Jonathan Kaplan, an assistant professor in the Department of Middle Eastern Studies, noticed an influx of Afghan refugees at his daughter’s elementary school, which inspired him to create the Refugee Student Mentor Program (RSMP) in December 2014.
The RSMP is a partnership between UT Austin’s Center for Middle Eastern Studies and the Austin Independent School District (AISD), providing K-12 students who are refugees from the Middle East and Central Asia with mentors while supplementing the AISD’s English as a second language (ESL) programs. The volunteers are graduate and undergraduate students of varying fluency who have taken language courses in Arabic, Persian, or have experience with Pashto and Dari.
The mentors are proving to be valuable for refugee students adjusting to new schools and a new country. Each week they spend up to five hours with small groups of students, acting as tutors, translators and social support, helping students with schoolwork, talking to them about their lives, and sometimes eating lunch with them.
Beginning with just 15 student volunteers, the program now has more than 50 and serves 21 AISD schools. Rama Hamarneh, a doctoral candidate in the Program in Comparative Literature, has been a coordinator for the RSMP since 2016 and has watched it flourish.
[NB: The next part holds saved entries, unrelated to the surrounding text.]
(* Let $\pi$ be a signed permutation with $n$ elements and let $H_\pi$ be its circle graph. Then $d_r(\pi) \geq r(A(H_\pi))$, where $r$ denotes rank over $GF(2)$.
   Context: A signed permutation with $n$ elements is a sequence $\pi=(\pi_1,\dots,\pi_n)$ of nonzero integers with $\{|\pi_1|,\dots,|\pi_n|\}=\{1,\dots,n\}$. A reversal replaces a contiguous block $(\pi_i,\pi_{i+1},\dots,\pi_j)$ by $(-\pi_j,\dots,-\pi_{i+1},-\pi_i)$. The reversal distance $d_r(\pi)$ is the minimum number of reversals transforming $\pi$ into the identity $(1,2,\dots,n)$. Construction of $H_\pi$. Arrange cyclically the segments $I_1,\pi_1,I_2,\pi_2,\dots,I_n,\pi_n,I_{n+1},\$$ (and back to $I_1$); the $I_k$ are intermediate segments and $\$$ is an anchor. Endpoint labels: a segment $i>0$ has left endpoint $v_{i-1}$ and right endpoint $v_i$; a segment $-i$ has left endpoint $v_i$ and right endpoint $v_{i-1}$; $\$$ has left endpoint $v_n$ and right endpoint $v_0$; each $I_k$ has as left endpoint the label of the right endpoint of the preceding segment and as right endpoint the label of the left endpoint of the following segment. $G_\pi$ is the 4-regular multigraph on $\{v_0,\dots,v_n\}$ with one edge per segment joining its endpoint labels. A circuit partition (set of closed walks using every edge exactly once in total) determines at each vertex a route (pairing of the four half-edges). $P_A$ is the single Eulerian circuit following the cyclic order of segments; $P_B$ is the circuit partition whose route at each vertex pairs the two non-intermediate half-edges together and the two intermediate half-edges together. A vertex $v$ is oriented if changing the route of $P_A$ at $v$ to that of $P_B$ at $v$ yields a single circuit. $H_\pi$ is the graph (loops allowed) on $\{v_0,\dots,v_n\}$ where distinct $u,w$ are adjacent iff their two occurrences interlace in the cyclic vertex sequence of the Eulerian circuit $P_A$, and $v$ is looped iff $v$ is oriented. $A(H)$ is the adjacency matrix over $GF(2)$, with diagonal entry $1$ exactly at looped vertices. *)

theory Defs
  imports "HOL-Library.Z2" "Jordan_Normal_Form.DL_Rank"
begin

definition signed_perm :: "nat \<Rightarrow> int list \<Rightarrow> bool" where
  "signed_perm n p \<longleftrightarrow> length p = n \<and> 0 \<notin> set p \<and>
     (\<lambda>x. nat \<bar>x\<bar>) ` set p = {1..n}"

text \<open>Reversal of the block of positions i..j (0-based, i \<le> j < length p):
  the block is reversed and every element in it is negated.\<close>
definition reversal :: "nat \<Rightarrow> nat \<Rightarrow> int list \<Rightarrow> int list" where
  "reversal i j p = take i p @ map uminus (rev (drop i (take (Suc j) p))) @ drop (Suc j) p"

definition is_reversal_step :: "int list \<Rightarrow> int list \<Rightarrow> bool" where
  "is_reversal_step p q \<longleftrightarrow> (\<exists>i j. i \<le> j \<and> j < length p \<and> q = reversal i j p)"

definition identity_sp :: "nat \<Rightarrow> int list" where
  "identity_sp n = map int [1..<Suc n]"

definition reversal_distance :: "int list \<Rightarrow> nat" where
  "reversal_distance p =
     (LEAST k. (is_reversal_step ^^ k) p (identity_sp (length p)))"
(* Let $\Lambda_f$ be a uniformly random numerical semigroup with Frobenius number $f$. There are constants $\mu_0$ and $\mu_1$ such that, as $f \to \infty$, the expected value $\mathbb{E}[m(\Lambda_f)] - f/2$ converges to $\mu_0$ along even $f$ and to $\mu_1$ along odd $f$.
   Context: A numerical semigroup is a subset $\Lambda \subseteq \mathbb{N}_0$ containing $0$, closed under addition, with finite complement; its multiplicity $m(\Lambda)$ is $\min(\Lambda\setminus\{0\})$, its conductor is the least $c$ with $c + \mathbb{N}_0 \subseteq \Lambda$, and its Frobenius number is the conductor minus $1$. *)

theory Defs
  imports Complex_Main
begin

definition numerical_semigroup :: "nat set \<Rightarrow> bool" where
  "numerical_semigroup S \<longleftrightarrow> 0 \<in> S \<and> (\<forall>a\<in>S. \<forall>b\<in>S. a + b \<in> S) \<and> finite (UNIV - S)"

definition multiplicity_ns :: "nat set \<Rightarrow> nat" where
  "multiplicity_ns S = (LEAST n. n \<in> S \<and> n \<noteq> 0)"

definition conductor :: "nat set \<Rightarrow> nat" where
  "conductor S = (LEAST c. \<forall>n\<ge>c. n \<in> S)"

definition frobenius :: "nat set \<Rightarrow> int" where
  "frobenius S = int (conductor S) - 1"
“There are so many reasons the program is important, but I really appreciate the way that it links our volunteers to the Austin community,” Hamarneh says. “It is really easy to live in a bubble when you’re in school, whether you’re a graduate or undergraduate student, and the RSMP really allows UT students to volunteer and give back to their community, while also bettering their language skills.”
Volunteers are immersed in the language they’re studying and learn dialects to which they wouldn’t typically be exposed. Studying abroad can be difficult for students learning languages and dialects spoken in countries such as Afghanistan and Iraq, says Kaplan. Being able to interact weekly with refugees from those countries and being exposed to the varied vocabulary of younger speakers is extremely beneficial to the fluency of student mentors.
In addition to having in-school volunteers, program director Katie Aslan says the RSMP also holds teacher training sessions on campus to help extend its reach into surrounding communities including in Pflugerville, where a large part of the refugee community has settled.
Last year, the RSMP raised more than $10,000 on Hornraiser for transportation costs, which allowed the organization to serve more high-need Austin schools that aren’t accessible by bus, something crucial to many of the student mentors who often rely on public transit.
“This program has already evolved so much,” Aslan says. “I don’t think any of us imagined that a small program in one school would expand to so many schools in just three years. We have been able to help so many more refugee students than we ever imagined because of the enthusiasm of our students and a great partnership with the school district. The flow of refugees in the Austin area fluctuates so much, and we will continue to adapt to all of these changes in order to reach the students who need us the most.”